→ **Your objective**
Identify and pull out each line of the entries in which "LINT" occurs.

→ **Supplied records**

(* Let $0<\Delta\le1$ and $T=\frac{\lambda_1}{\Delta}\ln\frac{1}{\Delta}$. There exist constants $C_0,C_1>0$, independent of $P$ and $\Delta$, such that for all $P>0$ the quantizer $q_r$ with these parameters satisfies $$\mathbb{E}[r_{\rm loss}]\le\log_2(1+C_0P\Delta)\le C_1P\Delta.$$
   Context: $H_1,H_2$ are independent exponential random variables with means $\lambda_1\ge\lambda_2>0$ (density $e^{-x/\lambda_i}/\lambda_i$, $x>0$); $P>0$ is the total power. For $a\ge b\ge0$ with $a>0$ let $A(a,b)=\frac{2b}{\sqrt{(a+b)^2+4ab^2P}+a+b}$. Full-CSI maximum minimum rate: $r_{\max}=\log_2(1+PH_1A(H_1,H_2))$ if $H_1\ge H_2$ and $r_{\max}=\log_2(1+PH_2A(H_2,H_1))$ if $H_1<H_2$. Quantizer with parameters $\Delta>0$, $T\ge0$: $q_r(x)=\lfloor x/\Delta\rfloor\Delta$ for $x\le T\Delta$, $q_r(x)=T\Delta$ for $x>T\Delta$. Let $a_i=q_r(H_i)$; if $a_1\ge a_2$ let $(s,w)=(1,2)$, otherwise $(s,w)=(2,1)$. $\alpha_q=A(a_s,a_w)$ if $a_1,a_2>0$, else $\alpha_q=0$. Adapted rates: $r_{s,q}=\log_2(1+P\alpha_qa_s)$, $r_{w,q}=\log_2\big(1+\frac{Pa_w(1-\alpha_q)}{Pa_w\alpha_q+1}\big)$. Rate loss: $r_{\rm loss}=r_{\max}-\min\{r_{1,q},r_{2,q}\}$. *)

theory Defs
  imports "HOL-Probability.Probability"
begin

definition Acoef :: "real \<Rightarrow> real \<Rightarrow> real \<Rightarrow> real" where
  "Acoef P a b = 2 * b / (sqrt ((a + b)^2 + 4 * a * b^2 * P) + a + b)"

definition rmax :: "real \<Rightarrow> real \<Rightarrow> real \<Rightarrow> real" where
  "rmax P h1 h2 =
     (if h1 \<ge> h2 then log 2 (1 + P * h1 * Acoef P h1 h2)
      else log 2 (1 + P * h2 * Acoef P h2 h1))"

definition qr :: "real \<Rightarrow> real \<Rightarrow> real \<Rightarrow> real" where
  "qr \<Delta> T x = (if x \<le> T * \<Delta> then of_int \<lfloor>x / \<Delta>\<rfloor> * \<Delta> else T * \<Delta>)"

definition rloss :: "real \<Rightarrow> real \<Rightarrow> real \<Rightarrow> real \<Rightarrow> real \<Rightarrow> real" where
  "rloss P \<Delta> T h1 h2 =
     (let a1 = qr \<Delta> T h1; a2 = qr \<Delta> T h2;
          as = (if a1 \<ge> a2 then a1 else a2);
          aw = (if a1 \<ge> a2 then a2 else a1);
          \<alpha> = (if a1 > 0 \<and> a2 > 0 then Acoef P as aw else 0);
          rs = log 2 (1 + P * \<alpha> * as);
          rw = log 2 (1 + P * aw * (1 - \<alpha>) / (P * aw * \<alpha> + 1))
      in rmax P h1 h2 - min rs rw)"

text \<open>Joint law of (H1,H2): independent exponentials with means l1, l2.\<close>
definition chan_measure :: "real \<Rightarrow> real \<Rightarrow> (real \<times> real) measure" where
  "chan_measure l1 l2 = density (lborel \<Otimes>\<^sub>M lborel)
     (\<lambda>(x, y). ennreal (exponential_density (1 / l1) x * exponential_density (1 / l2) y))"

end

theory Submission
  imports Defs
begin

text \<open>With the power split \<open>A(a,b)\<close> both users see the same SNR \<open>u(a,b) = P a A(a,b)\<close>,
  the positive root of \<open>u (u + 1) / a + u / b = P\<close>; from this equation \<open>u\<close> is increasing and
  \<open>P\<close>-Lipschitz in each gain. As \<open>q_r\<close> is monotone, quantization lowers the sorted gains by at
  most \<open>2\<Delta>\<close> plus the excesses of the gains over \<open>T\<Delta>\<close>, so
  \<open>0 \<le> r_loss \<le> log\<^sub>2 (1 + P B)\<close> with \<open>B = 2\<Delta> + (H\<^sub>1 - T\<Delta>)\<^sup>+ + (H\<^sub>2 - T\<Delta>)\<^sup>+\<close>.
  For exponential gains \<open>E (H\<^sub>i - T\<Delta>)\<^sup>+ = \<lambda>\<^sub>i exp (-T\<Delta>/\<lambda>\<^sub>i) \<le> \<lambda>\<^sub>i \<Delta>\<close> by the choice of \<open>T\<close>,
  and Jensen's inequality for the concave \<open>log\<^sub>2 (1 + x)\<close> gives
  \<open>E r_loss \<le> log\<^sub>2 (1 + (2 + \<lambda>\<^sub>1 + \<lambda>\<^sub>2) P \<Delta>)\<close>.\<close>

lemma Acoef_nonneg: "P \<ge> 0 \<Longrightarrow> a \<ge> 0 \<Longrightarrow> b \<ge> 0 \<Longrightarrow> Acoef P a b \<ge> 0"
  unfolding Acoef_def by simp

==

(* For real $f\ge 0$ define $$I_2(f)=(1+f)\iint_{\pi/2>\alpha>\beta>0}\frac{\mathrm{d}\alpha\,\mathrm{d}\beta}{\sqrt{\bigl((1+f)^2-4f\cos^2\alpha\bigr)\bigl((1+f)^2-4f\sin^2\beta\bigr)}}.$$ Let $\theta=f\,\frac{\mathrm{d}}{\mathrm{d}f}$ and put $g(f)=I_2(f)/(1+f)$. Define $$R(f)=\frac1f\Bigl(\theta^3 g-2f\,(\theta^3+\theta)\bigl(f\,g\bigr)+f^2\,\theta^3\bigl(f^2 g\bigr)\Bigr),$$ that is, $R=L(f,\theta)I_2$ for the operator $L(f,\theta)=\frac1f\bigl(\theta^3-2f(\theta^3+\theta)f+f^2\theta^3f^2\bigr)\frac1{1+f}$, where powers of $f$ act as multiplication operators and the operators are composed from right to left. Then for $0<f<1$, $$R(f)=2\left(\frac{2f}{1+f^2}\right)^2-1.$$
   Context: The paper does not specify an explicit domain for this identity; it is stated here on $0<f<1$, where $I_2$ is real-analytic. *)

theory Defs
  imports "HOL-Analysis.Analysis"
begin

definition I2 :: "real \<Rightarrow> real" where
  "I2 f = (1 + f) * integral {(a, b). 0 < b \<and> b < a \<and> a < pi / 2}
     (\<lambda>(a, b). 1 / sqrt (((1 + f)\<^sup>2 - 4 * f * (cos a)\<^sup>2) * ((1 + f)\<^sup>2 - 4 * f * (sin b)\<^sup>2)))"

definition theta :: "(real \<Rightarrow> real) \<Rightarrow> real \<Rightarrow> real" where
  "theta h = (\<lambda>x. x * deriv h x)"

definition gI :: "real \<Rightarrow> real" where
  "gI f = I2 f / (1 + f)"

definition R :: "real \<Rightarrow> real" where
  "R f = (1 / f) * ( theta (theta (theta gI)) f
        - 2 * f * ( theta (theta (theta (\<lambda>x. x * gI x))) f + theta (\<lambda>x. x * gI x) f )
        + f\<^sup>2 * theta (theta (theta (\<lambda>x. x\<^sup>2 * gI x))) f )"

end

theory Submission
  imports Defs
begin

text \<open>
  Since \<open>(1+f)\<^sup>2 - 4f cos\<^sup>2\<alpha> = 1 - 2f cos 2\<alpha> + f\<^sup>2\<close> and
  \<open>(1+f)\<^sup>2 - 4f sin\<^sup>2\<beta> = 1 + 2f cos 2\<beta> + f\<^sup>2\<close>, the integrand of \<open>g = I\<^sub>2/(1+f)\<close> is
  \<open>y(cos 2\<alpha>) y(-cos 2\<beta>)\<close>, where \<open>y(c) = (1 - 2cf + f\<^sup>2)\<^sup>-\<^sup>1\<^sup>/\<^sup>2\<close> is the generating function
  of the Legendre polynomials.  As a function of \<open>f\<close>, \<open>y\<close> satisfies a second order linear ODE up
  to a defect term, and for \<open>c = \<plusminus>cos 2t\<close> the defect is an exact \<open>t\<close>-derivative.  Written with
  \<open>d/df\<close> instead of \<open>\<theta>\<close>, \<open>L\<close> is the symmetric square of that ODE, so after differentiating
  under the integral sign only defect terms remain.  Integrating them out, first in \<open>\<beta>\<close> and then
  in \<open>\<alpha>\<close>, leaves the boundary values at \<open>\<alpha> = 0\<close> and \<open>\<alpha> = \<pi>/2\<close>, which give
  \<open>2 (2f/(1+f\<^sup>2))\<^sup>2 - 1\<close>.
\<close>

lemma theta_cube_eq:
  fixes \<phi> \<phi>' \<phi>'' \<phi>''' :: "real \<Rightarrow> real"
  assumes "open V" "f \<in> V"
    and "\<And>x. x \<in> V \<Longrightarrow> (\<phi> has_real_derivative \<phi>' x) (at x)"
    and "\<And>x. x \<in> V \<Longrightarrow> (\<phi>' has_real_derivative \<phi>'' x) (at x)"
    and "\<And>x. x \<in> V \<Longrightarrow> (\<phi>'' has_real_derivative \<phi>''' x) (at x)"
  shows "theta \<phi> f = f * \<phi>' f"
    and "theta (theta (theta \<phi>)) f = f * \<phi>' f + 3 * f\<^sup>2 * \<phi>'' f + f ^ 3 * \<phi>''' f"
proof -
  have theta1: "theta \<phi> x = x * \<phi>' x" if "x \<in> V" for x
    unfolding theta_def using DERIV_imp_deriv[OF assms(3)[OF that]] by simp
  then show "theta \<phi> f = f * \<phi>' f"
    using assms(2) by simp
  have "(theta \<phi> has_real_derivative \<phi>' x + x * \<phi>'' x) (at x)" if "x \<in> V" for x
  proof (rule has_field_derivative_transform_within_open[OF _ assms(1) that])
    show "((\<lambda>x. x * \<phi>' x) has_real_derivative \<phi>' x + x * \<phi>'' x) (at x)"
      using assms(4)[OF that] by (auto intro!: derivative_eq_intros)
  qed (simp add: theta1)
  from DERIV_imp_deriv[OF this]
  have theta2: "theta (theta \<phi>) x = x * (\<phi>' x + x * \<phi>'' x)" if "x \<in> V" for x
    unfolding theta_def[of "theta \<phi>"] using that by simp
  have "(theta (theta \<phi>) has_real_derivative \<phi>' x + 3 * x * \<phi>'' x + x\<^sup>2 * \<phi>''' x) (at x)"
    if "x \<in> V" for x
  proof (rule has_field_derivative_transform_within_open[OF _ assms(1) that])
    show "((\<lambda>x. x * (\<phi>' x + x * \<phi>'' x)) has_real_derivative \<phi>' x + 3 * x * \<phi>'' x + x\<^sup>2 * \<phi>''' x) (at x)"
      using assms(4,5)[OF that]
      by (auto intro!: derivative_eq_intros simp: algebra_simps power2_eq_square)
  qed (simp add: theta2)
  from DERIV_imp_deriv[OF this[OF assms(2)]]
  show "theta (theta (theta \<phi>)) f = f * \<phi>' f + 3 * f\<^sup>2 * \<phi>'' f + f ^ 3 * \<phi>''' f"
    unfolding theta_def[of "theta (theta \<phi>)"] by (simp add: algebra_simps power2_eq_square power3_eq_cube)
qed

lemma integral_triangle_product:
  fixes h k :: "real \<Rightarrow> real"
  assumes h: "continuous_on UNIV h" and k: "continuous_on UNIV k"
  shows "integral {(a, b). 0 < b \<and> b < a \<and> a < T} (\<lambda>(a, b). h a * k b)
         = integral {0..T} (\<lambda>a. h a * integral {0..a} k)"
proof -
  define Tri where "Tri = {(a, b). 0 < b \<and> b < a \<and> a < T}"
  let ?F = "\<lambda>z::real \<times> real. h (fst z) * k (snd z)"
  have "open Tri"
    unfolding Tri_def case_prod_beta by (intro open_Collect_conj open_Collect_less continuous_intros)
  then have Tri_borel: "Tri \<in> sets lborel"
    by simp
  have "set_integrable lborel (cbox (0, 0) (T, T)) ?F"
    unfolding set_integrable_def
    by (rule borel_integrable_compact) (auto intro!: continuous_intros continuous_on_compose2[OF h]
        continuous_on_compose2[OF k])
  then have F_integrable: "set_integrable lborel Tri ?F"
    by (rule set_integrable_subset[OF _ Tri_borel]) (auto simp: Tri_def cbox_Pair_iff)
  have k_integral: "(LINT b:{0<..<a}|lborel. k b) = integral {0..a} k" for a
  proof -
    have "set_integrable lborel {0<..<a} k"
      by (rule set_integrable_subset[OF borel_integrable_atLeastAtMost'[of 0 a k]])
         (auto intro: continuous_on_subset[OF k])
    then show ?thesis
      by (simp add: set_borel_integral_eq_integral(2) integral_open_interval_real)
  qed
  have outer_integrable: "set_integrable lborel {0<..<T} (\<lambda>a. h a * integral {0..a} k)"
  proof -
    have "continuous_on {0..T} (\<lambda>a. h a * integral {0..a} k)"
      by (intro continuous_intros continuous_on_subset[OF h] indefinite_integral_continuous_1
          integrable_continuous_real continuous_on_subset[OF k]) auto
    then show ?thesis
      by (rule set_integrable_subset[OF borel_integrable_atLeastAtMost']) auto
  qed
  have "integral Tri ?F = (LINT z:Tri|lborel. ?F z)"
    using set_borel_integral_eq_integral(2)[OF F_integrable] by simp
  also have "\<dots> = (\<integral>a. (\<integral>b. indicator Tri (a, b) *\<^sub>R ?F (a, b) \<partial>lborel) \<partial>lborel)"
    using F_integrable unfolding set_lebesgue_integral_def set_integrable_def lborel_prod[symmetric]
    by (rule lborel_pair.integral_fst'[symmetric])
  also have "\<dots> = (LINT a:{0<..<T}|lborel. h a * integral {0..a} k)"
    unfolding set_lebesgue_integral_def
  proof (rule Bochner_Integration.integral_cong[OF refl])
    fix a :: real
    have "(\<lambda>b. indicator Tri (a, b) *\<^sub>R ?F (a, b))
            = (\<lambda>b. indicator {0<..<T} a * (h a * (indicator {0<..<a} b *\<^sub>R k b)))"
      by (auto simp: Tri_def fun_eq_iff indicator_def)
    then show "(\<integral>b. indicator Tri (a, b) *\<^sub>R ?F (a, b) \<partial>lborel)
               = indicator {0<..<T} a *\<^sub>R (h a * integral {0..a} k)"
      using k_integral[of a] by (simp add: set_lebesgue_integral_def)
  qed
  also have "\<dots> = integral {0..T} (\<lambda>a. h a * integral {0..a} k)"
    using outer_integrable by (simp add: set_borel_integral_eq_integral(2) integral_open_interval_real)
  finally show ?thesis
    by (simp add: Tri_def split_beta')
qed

→ **Response to this exercise**
  have k_integral: "(LINT b:{0<..<a}|lborel. k b) = integral {0..a} k" for a
  have "integral Tri ?F = (LINT z:Tri|lborel. ?F z)"
  also have "\<dots> = (LINT a:{0<..<T}|lborel. h a * integral {0..a} k)"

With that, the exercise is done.